Is CUDA available? : True


In [None]:
x = x.to(device)
time_gpu = timeit.timeit('x@x', globals=globals(), number=100)
time_gpu

2.807074027999988

When I run this code, the time to perform 100 multiplications is 2.8 seconds, which is an instant 8.5× speedup. This was a pretty ideal case, as matrix multiplications are super-efficient on GPUs, and we created a big matrix. You should try making the matrix smaller and see how that impacts the speedup you get.

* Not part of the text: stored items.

lemma reachable_avoiding_closed_set:
  assumes closed: "E `` R \<inter> U \<subseteq> R"
    and reach: "\<And>x. x \<in> U \<Longrightarrow> \<exists>s \<in> S \<inter> U. (s, x) \<in> (E \<inter> U \<times> U)\<^sup>*" and x: "x \<in> U - R"
  shows "\<exists>s \<in> S \<inter> (U - R). (s, x) \<in> (E \<inter> (U - R) \<times> (U - R))\<^sup>*"
proof -
  obtain s where s: "s \<in> S" "s \<in> U" "(s, x) \<in> (E \<inter> U \<times> U)\<^sup>*" using reach x by blast
  have "s \<notin> R \<and> (s, x) \<in> (E \<inter> (U - R) \<times> (U - R))\<^sup>*" using s(3) x
  proof (induction rule: rtrancl_induct)
    case (step y z)
    hence "y \<notin> R" using closed by blast
    thus ?case using step by (auto intro: rtrancl_into_rtrancl)
  qed simp
  thus ?thesis using s by blast
qed

text \<open>Depth-first search: start at a root r \<in> S, search the vertices reachable from r (with
  the out-neighbours of r as roots), then continue on the rest.\<close>

lemma dfs_forest_exists:
  assumes "finite U" "\<And>x. x \<in> U \<Longrightarrow> \<exists>s \<in> S \<inter> U. (s, x) \<in> (E \<inter> U \<times> U)\<^sup>*"
  shows "\<exists>ord par. dfs_forest E U S ord par"
  using assms
proof (induction U arbitrary: S rule: finite_psubset_induct)
  case (psubset U)
  show ?case
  proof (cases "U = {}")
    case True
    thus ?thesis using dfs_forest_empty by blast
  next
    case False
    then obtain r where r: "r \<in> S" "r \<in> U" using psubset.prems by blast
    define R where "R = {y. (r, y) \<in> (E \<inter> U \<times> U)\<^sup>*}"
    have RU: "R \<subseteq> U" using r by (auto simp: R_def elim: rtranclE)
    have rR: "r \<in> R" by (simp add: R_def)
    have closed: "E `` R \<inter> U \<subseteq> R" using RU by (auto simp: R_def intro: rtrancl_into_rtrancl)
    obtain ord1 par1 where F1: "dfs_forest E (R - {r}) {y. (r, y) \<in> E} ord1 par1"
    proof -
      have "R - {r} \<subset> U" using RU r by auto
      moreover have "\<exists>s \<in> {y. (r, y) \<in> E} \<inter> (R - {r}). (s, x) \<in> (E \<inter> (R - {r}) \<times> (R - {r}))\<^sup>*"
        if x: "x \<in> R - {r}" for x
        using reachable_via_successor[OF x, of r E U] by (auto simp: R_def)
      ultimately show thesis using psubset.IH[of "R - {r}" "{y. (r, y) \<in> E}"] that by blast
    qed
    obtain ord2 par2 where F2: "dfs_forest E (U - R) S ord2 par2"
    proof -
      have "U - R \<subset> U" using rR r by auto
      thus thesis
        using psubset.IH[of "U - R" S] reachable_avoiding_closed_set[OF closed psubset.prems] that
        by blast
    qed
    have "U = insert r ((R - {r}) \<union> (U - R))" using RU rR by auto
    moreover have "dfs_forest E (insert r ((R - {r}) \<union> (U - R))) S
        (graft_ord (R - {r}) ord1 ord2 r) (graft_par (R - {r}) par1 par2 r)"
    proof (rule graft_dfs_forest[OF F1 F2])
      show "x \<in> insert r (R - {r}) \<Longrightarrow> y \<in> U - R \<Longrightarrow> (x, y) \<notin> E" for x y
        using closed rR by blast
    qed (use psubset.hyps r rR finite_subset[OF RU] in auto)
    ultimately show ?thesis by metis
  qed
qed

section \<open>Paths leaving a subtree meet its guard\<close>

locale dfs_of_digraph = dfs_forest E V V ord par
  for V :: "'a set" and E :: "('a \<times> 'a) set" and ord :: "'a \<Rightarrow> nat" and par :: "'a \<Rightarrow> 'a option" +
  assumes simple: "simple_digraph V E"
begin

abbreviation tree :: "('a \<times> 'a) set" where
  "tree \<equiv> parent_arcs par"

lemma arc_in_V: "(x, y) \<in> E \<Longrightarrow> x \<in> V \<and> y \<in> V"
  using simple by (auto simp: simple_digraph_def)

lemma tree_dipath:
  assumes "(x, y) \<in> tree ^^ n"
  shows "\<exists>q. dipath E q \<and> hd q = x \<and> last q = y \<and> length q = Suc n \<and> (\<forall>z\<in>set q. (z, y) \<in> tree\<^sup>*)"
  using assms
proof (induction n arbitrary: y)
  case 0
  thus ?case by (intro exI[of _ "[x]"]) (auto simp: dipath_iff)
next
  case (Suc n)
  then obtain z where z: "(x, z) \<in> tree ^^ n" "par y = Some z" by (auto elim: relpow_Suc_E)
  then obtain q where q: "dipath E q" "hd q = x" "last q = z" "length q = Suc n"
    "\<forall>w\<in>set q. (w, z) \<in> tree\<^sup>*" using Suc.IH by blast
  have zy: "(z, y) \<in> E" "ord z < ord y" using parentD[OF z(2)] by auto
  have "y \<notin> set q" using q(5) zy(2) tree_rtrancl_le by (meson leD)
  hence "dipath E (q @ [y])" using q(1,3) zy(1) by (auto simp: dipath_iff successively_append_iff)
  moreover have "\<forall>w\<in>set (q @ [y]). (w, y) \<in> tree\<^sup>*"
    using q(5) z(2) by (auto intro: rtrancl_into_rtrancl)
  ultimately show ?case using q by (intro exI[of _ "q @ [y]"]) (auto simp: dipath_iff)
qed

lemma arc_leaving_subtree_goes_back:
  assumes "c \<in> V" "(c, d) \<in> tree\<^sup>*" "(d, z) \<in> E" "(c, z) \<notin> tree\<^sup>*"
  shows "ord z < ord c"
proof -
  have V: "d \<in> V" "z \<in> V" using arc_in_V[OF assms(3)] by auto
  have "(d, z) \<notin> tree\<^sup>+" using assms(2,4) by (meson rtrancl_trans trancl_into_rtrancl)
  hence dz: "ord z < ord d"
    using forward_arc_descendant[OF V assms(3)] ord_less_or_greater[OF V] assms by blast
  show ?thesis
  proof (rule ccontr)
    assume "\<not> ord z < ord c"
    hence "ord c < ord z" using ord_less_or_greater[OF V(2) assms(1)] assms(4) by fastforce
    moreover have "(c, d) \<in> tree\<^sup>+" using assms(2) calculation dz by (auto dest: rtranclD)
    ultimately have "(c, z) \<in> tree\<^sup>+" using descendants_interval V(2) dz by blast
    thus False using assms(4) by (meson trancl_into_rtrancl)
  qed
qed

definition left_of :: "'a \<Rightarrow> 'a set" where
  "left_of c = {z \<in> V. ord z < ord c \<and> (z, c) \<notin> tree\<^sup>+}"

Be aware that this only works if every object involved is on the same device. Say you run the following code, where the variable x has been moved onto the GPU and y has not (so it is on the CPU by default):

In [None]:
x = torch.rand(128, 128).to(device)
y = torch.rand(128, 128)
x*y

RuntimeError: ignored

You will end up getting an error message that says:
RuntimeError: expected device cuda:0 but got device cpu
The error tells you which device the first variable is on (cuda:0) but that the second variable was on a different device (cpu). If we instead wrote y*x you would see the error changetoexpected device cpu but got device cuda:0.Wheneveryouseeanerror like this, you have a bug that kept you from moving everything to the same compute device.

The other thing to be aware of is how to convert PyTorch data back to the CPU. For example, we may want to convert a tensor back to a NumPy array so that we can pass it to Matplotlib or save it to disk. The PyTorch tensor object has a .numpy() method that will do this, but if you call x.numpy(), you will get this error:

In [None]:
x.numpy()

TypeError: ignored

Instead, you can use the handy shortcut function .cpu() to move an object back to the CPU, where you can interact with it normally. So you will often see code that looks like x.cpu().numpy() when you want to access the results of your work.